**Problem to solve**
Go through each line of the entries below and tally those containing the string "neutral"; give only the total.

**Dataset excerpts**
•••••

(* Let $(G,c)$ and $(H,c')$ be BPEC-DAGs on the same vertex set $V$. If $\mathcal M(G,c)=\mathcal M(H,c')$, then $G=H$ and $c$ and $c'$ induce the same partition of the edge set into color classes; i.e., each BPEC-DAG is the unique BPEC-DAG in its model equivalence class.
   Context: An edge-colored DAG $(G,c)$, $G=(V,E)$, has a coloring of $V\sqcup E$ (vertex and edge colors disjoint) in which every vertex forms its own color class. It is properly edge-colored if every edge color class contains at least two edges, and blocked if any two edges $ij,kl$ of the same color satisfy $j=l$. A BPEC-DAG is a blocked, properly edge-colored DAG. $\mathcal M(G,c)$ is the set of $(I-\Lambda)^{-T}\Omega(I-\Lambda)^{-1}$ with $\Omega=\mathrm{diag}(\omega_i)$, $\omega_i>0$, $\lambda_{ij}=0$ for $ij\notin E$, and $\lambda_{ij}=\lambda_{kl}$ whenever $c(ij)=c(kl)$. *)

theory Defs
  imports "HOL-Analysis.Analysis"
begin

text \<open>A DAG on the vertex set given by the finite type 'v: an edge relation
  E, where (i,j) \<in> E denotes the directed edge i \<rightarrow> j, which is acyclic.
  Vertex colors are all singletons and disjoint from edge colors, so they
  carry no information; the coloring is represented by its edge part
  c :: 'v \<times> 'v \<Rightarrow> 'c, only relevant on E.\<close>

definition is_DAG :: "('v \<times> 'v) set \<Rightarrow> bool" where
  "is_DAG E \<longleftrightarrow> acyclic E"

definition properly_edge_colored :: "('v \<times> 'v) set \<Rightarrow> ('v \<times> 'v \<Rightarrow> 'c) \<Rightarrow> bool" where
  "properly_edge_colored E c \<longleftrightarrow>
     (\<forall>e \<in> E. 2 \<le> card {f \<in> E. c f = c e})"

definition blocked :: "('v \<times> 'v) set \<Rightarrow> ('v \<times> 'v \<Rightarrow> 'c) \<Rightarrow> bool" where
  "blocked E c \<longleftrightarrow>
     (\<forall>i j k l. (i, j) \<in> E \<longrightarrow> (k, l) \<in> E \<longrightarrow> c (i, j) = c (k, l) \<longrightarrow> j = l)"

definition BPEC_DAG :: "('v \<times> 'v) set \<Rightarrow> ('v \<times> 'v \<Rightarrow> 'c) \<Rightarrow> bool" where
  "BPEC_DAG E c \<longleftrightarrow> is_DAG E \<and> properly_edge_colored E c \<and> blocked E c"

definition model :: "('v::finite \<times> 'v) set \<Rightarrow> ('v \<times> 'v \<Rightarrow> 'c) \<Rightarrow> (real^'v^'v) set" where
  "model E c = {transpose (matrix_inv (mat 1 - \<Lambda>)) ** (\<chi> i j. if i = j then \<omega> i else 0)
                   ** matrix_inv (mat 1 - \<Lambda>) |
      \<Lambda> \<omega>. (\<forall>i. 0 < \<omega> i) \<and>
            (\<forall>i j. (i, j) \<notin> E \<longrightarrow> \<Lambda> $ i $ j = 0) \<and>
            (\<forall>i j k l. (i, j) \<in> E \<longrightarrow> (k, l) \<in> E \<longrightarrow> c (i, j) = c (k, l) \<longrightarrow>
                        \<Lambda> $ i $ j = \<Lambda> $ k $ l)}"

end

theory Submission
  imports Defs
begin

text \<open>Fix an edge ik of G and let C be the set of tails of the edges of G coloured like ik;
  since G is blocked, all of them point to k. Weight one on exactly these edges and unit error
  variances give a point of M(G,c) whose inverse is (I - N)(I - N)^T, with N the indicator
  matrix of C \<times> {k}. As the point also lies in M(H,c'), the same matrix factors as
  (I - \<Lambda>) \<Omega>^-1 (I - \<Lambda>)^T with \<Lambda> supported on H and constant on its colour classes.
  Working upwards from the sinks of H, every vertex from which H cannot reach C \<union> {k} has a
  zero column in \<Lambda> and unit variance. At an H-maximal vertex t of C \<union> {k} the two
  factorisations can then be compared entrywise. The case t \<in> C is impossible: the edge kt of H
  needs a second edge k't of its colour, and then the entry (k', t) would be -1, whereas it is
  nonnegative for (I - N)(I - N)^T. So t = k and the k-th column of \<Lambda> is the indicator of C:
  ik is an edge of H, and every edge of H coloured like ik is an edge of G coloured like ik.
  Applying this in both directions gives the theorem.\<close>

definition diag_mat :: "('n \<Rightarrow> real) \<Rightarrow> real^'n^'n" where
  "diag_mat d = (\<chi> i j. if i = j then d i else 0)"

definition supported_on :: "('v \<times> 'v) set \<Rightarrow> real^'v^'v \<Rightarrow> bool" where
  "supported_on F L \<longleftrightarrow> (\<forall>i j. (i, j) \<notin> F \<longrightarrow> L $ i $ j = 0)"

definition respects_coloring :: "('v \<times> 'v) set \<Rightarrow> ('v \<times> 'v \<Rightarrow> 'c) \<Rightarrow> real^'v^'v \<Rightarrow> bool" where
  "respects_coloring F c L \<longleftrightarrow>
     (\<forall>i j k l. (i, j) \<in> F \<longrightarrow> (k, l) \<in> F \<longrightarrow> c (i, j) = c (k, l) \<longrightarrow> L $ i $ j = L $ k $ l)"

lemma model_alt_def:
  "model E c = {transpose (matrix_inv (mat 1 - \<Lambda>)) ** diag_mat \<omega> ** matrix_inv (mat 1 - \<Lambda>) |
      \<Lambda> \<omega>. (\<forall>i. 0 < \<omega> i) \<and> supported_on E \<Lambda> \<and> respects_coloring E c \<Lambda>}"
  by (simp add: model_def diag_mat_def supported_on_def respects_coloring_def)

lemma matrix_inv_inverse:
  fixes A :: "'a::field^'n^'n"
  assumes "invertible A"
  shows "A ** matrix_inv A = mat 1" and "matrix_inv A ** A = mat 1"
  using someI_ex[OF assms[unfolded invertible_def]] by (simp_all add: matrix_inv_def)

lemma matrix_inv_eqI:
  fixes A X :: "'a::field^'n^'n"
  assumes AX: "A ** X = mat 1"
  shows "matrix_inv A = X"
proof -
  have "invertible A" and XA: "X ** A = mat 1"
    using AX invertible_right_inverse matrix_left_right_inverse by blast+
  then have "matrix_inv A = X ** (A ** matrix_inv A)"
    by (simp add: matrix_mul_assoc)
  also have "\<dots> = X"
    by (simp add: matrix_inv_inverse \<open>invertible A\<close>)
  finally show ?thesis .
qed

lemma matrix_diff_rdistrib:
  fixes A B :: "'a::ring_1^'n::finite^'m" and C :: "'a^'p^'n"
  shows "(A - B) ** C = A ** C - B ** C"
  by (vector matrix_matrix_mult_def sum_subtractf left_diff_distrib)

lemma diag_mat_one: "diag_mat (\<lambda>_. 1) = mat 1"
  by (simp add: diag_mat_def mat_def)

lemma diag_mat_mult: "diag_mat d ** diag_mat e = diag_mat (\<lambda>i. d i * e i)"
  by (simp add: diag_mat_def matrix_matrix_mult_def vec_eq_iff if_distrib if_distribR
      sum.If_cases)

lemma matrix_diag_transpose_entry:
  "(A ** diag_mat d ** transpose B) $ a $ b = (\<Sum>j\<in>UNIV. A $ a $ j * d j * B $ b $ j)"
  by (simp add: diag_mat_def matrix_matrix_mult_def transpose_def if_distrib if_distribR
      sum.If_cases mult.commute)

lemma invertible_id_minus_acyclic:
  fixes L :: "real^'v::finite^'v"
  assumes acyc: "acyclic F" and supp: "supported_on F L"
  shows "invertible (mat 1 - L)"
proof -
  have "x = 0" if "(mat 1 - L) *v x = 0" for x :: "real^'v"
  proof -
    have fixpoint: "x = L *v x"
      using that by (simp add: matrix_vector_mult_diff_rdistrib)
    have "wf (F\<inverse>)"
      using acyc by (simp add: finite_acyclic_wf_converse)
    then have "x $ a = 0" for a
    proof (induction a)
      case (less a)
      have "x $ a = (\<Sum>b\<in>UNIV. L $ a $ b * x $ b)"
        by (subst fixpoint) (simp add: matrix_vector_mult_def)
      also have "\<dots> = 0"
        using less supp by (intro sum.neutral) (auto simp: supported_on_def)
      finally show ?case .
    qed
    then show ?thesis by (simp add: vec_eq_iff)
  qed
  then show ?thesis
    using matrix_left_invertible_ker invertible_left_inverse by blast
qed

lemma model_concentration:
  fixes F :: "('v::finite \<times> 'v) set"
  assumes acyc: "acyclic F" and "\<Sigma> \<in> model F c"
  obtains L \<omega> where "supported_on F L" "respects_coloring F c L" "\<forall>i. 0 < \<omega> i"
    "(mat 1 - L) ** diag_mat (\<lambda>i. inverse (\<omega> i)) ** transpose (mat 1 - L) ** \<Sigma> = mat 1"
proof -
  obtain L \<omega> where \<Sigma>: "\<Sigma> = transpose (matrix_inv (mat 1 - L)) ** diag_mat \<omega> ** matrix_inv (mat 1 - L)"
    and pos: "\<forall>i. 0 < \<omega> i" and L: "supported_on F L" "respects_coloring F c L"
    using assms(2) unfolding model_alt_def by blast
  define B where "B = mat 1 - L"
  define M where "M = matrix_inv B"
  have BM: "B ** M = mat 1" and MB: "M ** B = mat 1"
    using matrix_inv_inverse invertible_id_minus_acyclic[OF acyc L(1)] unfolding B_def M_def
    by blast+
  have MB': "transpose B ** transpose M = mat 1"
    using MB by (metis matrix_transpose_mul transpose_mat)
  have D\<omega>: "diag_mat (\<lambda>i. inverse (\<omega> i)) ** diag_mat \<omega> = mat 1"
    using pos by (simp add: diag_mat_mult less_imp_neq[symmetric] flip: diag_mat_one)
  have "B ** diag_mat (\<lambda>i. inverse (\<omega> i)) ** transpose B ** \<Sigma>
      = B ** (diag_mat (\<lambda>i. inverse (\<omega> i)) ** ((transpose B ** transpose M) ** diag_mat \<omega>)) ** M"
    unfolding \<Sigma> B_def[symmetric] M_def[symmetric] by (simp add: matrix_mul_assoc)
  also have "\<dots> = mat 1"
    by (simp add: MB' D\<omega> BM)
  finally show ?thesis
    using that L pos unfolding B_def by blast
qed

definition star_matrix :: "'v set \<Rightarrow> 'v \<Rightarrow> real^'v^'v" where
  "star_matrix C k = (\<chi> a b. of_bool (a \<in> C \<and> b = k))"

lemma star_matrix_square:
  assumes "k \<notin> C"
  shows "star_matrix C k ** star_matrix C k = 0"
  using assms by (auto simp: star_matrix_def matrix_matrix_mult_def vec_eq_iff intro!: sum.neutral)

lemma star_concentration_entry:
  assumes "k \<notin> C"
  shows "((mat 1 - star_matrix C k) ** transpose (mat 1 - star_matrix C k)) $ a $ b =
    of_bool (a = b) + of_bool (a \<in> C \<and> b \<in> C) - of_bool (a = k \<and> b \<in> C) - of_bool (a \<in> C \<and> b = k)"
proof -
  let ?\<delta> = "\<lambda>x y. of_bool (x = y) :: real" and ?n = "\<lambda>x y. of_bool (x \<in> C \<and> y = k) :: real"
  have "((mat 1 - star_matrix C k) ** transpose (mat 1 - star_matrix C k)) $ a $ b
      = (\<Sum>j\<in>UNIV. (?\<delta> a j - ?n a j) * (?\<delta> b j - ?n b j))"
    by (simp add: matrix_matrix_mult_def transpose_def mat_def star_matrix_def of_bool_def)
  also have "\<dots> = (\<Sum>j\<in>UNIV. ?\<delta> a j * ?\<delta> b j) - (\<Sum>j\<in>UNIV. ?\<delta> a j * ?n b j)
      - (\<Sum>j\<in>UNIV. ?n a j * ?\<delta> b j) + (\<Sum>j\<in>UNIV. ?n a j * ?n b j)"
    by (simp add: algebra_simps sum.distrib sum_subtractf)
  also have "\<dots> = ?\<delta> a b - of_bool (a = k \<and> b \<in> C) - of_bool (a \<in> C \<and> b = k) + of_bool (a \<in> C \<and> b \<in> C)"
    using assms by (simp add: of_bool_def if_distrib if_distribR sum.If_cases)
  finally show ?thesis by simp
qed

lemma star_inverse:
  assumes "k \<notin> C"
  shows "(mat 1 - star_matrix C k) ** (mat 1 + star_matrix C k) = mat 1"
  using star_matrix_square[OF assms] by (simp add: matrix_diff_rdistrib matrix_add_ldistrib)

lemma star_covariance_concentration:
  assumes "k \<notin> C"
  shows "transpose (mat 1 + star_matrix C k) ** (mat 1 + star_matrix C k)
           ** ((mat 1 - star_matrix C k) ** transpose (mat 1 - star_matrix C k)) = mat 1"
proof -
  let ?N = "star_matrix C k"
  have "transpose (mat 1 + ?N) ** (mat 1 + ?N) ** ((mat 1 - ?N) ** transpose (mat 1 - ?N))
      = transpose (mat 1 + ?N) ** ((mat 1 + ?N) ** (mat 1 - ?N)) ** transpose (mat 1 - ?N)"
    by (simp add: matrix_mul_assoc)
  also have "\<dots> = transpose (mat 1 + ?N) ** transpose (mat 1 - ?N)"
    using star_inverse[OF assms] matrix_left_right_inverse[of "mat 1 - ?N"] by simp
  also have "\<dots> = transpose ((mat 1 - ?N) ** (mat 1 + ?N))"
    by (simp add: matrix_transpose_mul)
  finally show ?thesis
    by (simp add: star_inverse[OF assms])
qed

lemma star_in_model:
  fixes c :: "'v::finite \<times> 'v \<Rightarrow> 'c" and \<gamma> :: 'c
  assumes "(k, k) \<notin> E" and blk: "blocked E c"
  defines "C \<equiv> {a. (a, k) \<in> E \<and> c (a, k) = \<gamma>}"
  shows "transpose (mat 1 + star_matrix C k) ** (mat 1 + star_matrix C k) \<in> model E c"
proof -
  have "k \<notin> C" using assms by (simp add: C_def)
  have "supported_on E (star_matrix C k)"
    by (auto simp: supported_on_def star_matrix_def C_def)
  moreover have "respects_coloring E c (star_matrix C k)"
    using blk unfolding respects_coloring_def blocked_def star_matrix_def C_def by fastforce
  ultimately show ?thesis
    unfolding model_alt_def
    by (intro CollectI exI[of _ "star_matrix C k"] exI[of _ "\<lambda>_. 1"])
      (simp add: diag_mat_one matrix_inv_eqI[OF star_inverse[OF \<open>k \<notin> C\<close>]])
qed

lemma supported_on_acyclic_antisym:
  assumes "acyclic F" and "supported_on F L"
  shows "L $ a $ b = 0 \<or> L $ b $ a = 0"
proof -
  have "(a, b) \<notin> F \<or> (b, a) \<notin> F"
    using assms(1) unfolding acyclic_def by (meson trancl.r_into_trancl trancl_trans)
  then show ?thesis
    using assms(2) by (auto simp: supported_on_def)
qed

lemma concentration_entry_at_settled:
  fixes L :: "real^'v::finite^'v"
  assumes supp: "supported_on F L" and "(x, x) \<notin> F"
    and settled: "\<forall>j. (x, j) \<in> F \<longrightarrow> (\<forall>a. L $ a $ j = 0) \<and> d j = 1"
  shows "((mat 1 - L) ** diag_mat d ** transpose (mat 1 - L)) $ a $ x
           = (of_bool (a = x) - L $ a $ x) * d x - L $ x $ a"
proof -
  have Lxx: "L $ x $ x = 0"
    using assms by (simp add: supported_on_def)
  have summand: "(of_bool (a = j) - L $ a $ j) * d j * (of_bool (x = j) - L $ x $ j)
      = (if j = x then (of_bool (a = x) - L $ a $ x) * d x else 0) - (if j = a then L $ x $ a else 0)"
    for j
  proof (cases "j = x")
    case True
    then show ?thesis using Lxx by auto
  next
    case jx: False
    show ?thesis
    proof (cases "(x, j) \<in> F")
      case True
      then show ?thesis using jx settled by auto
    next
      case False
      then show ?thesis using jx supp by (auto simp: supported_on_def)
    qed
  qed
  have "((mat 1 - L) ** diag_mat d ** transpose (mat 1 - L)) $ a $ x
      = (\<Sum>j\<in>UNIV. (of_bool (a = j) - L $ a $ j) * d j * (of_bool (x = j) - L $ x $ j))"
    by (simp add: matrix_diag_transpose_entry mat_def of_bool_def)
  also have "\<dots> = (of_bool (a = x) - L $ a $ x) * d x - L $ x $ a"
    by (simp only: summand sum_subtractf) simp
  finally show ?thesis .
qed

•••••

**Answer box**
2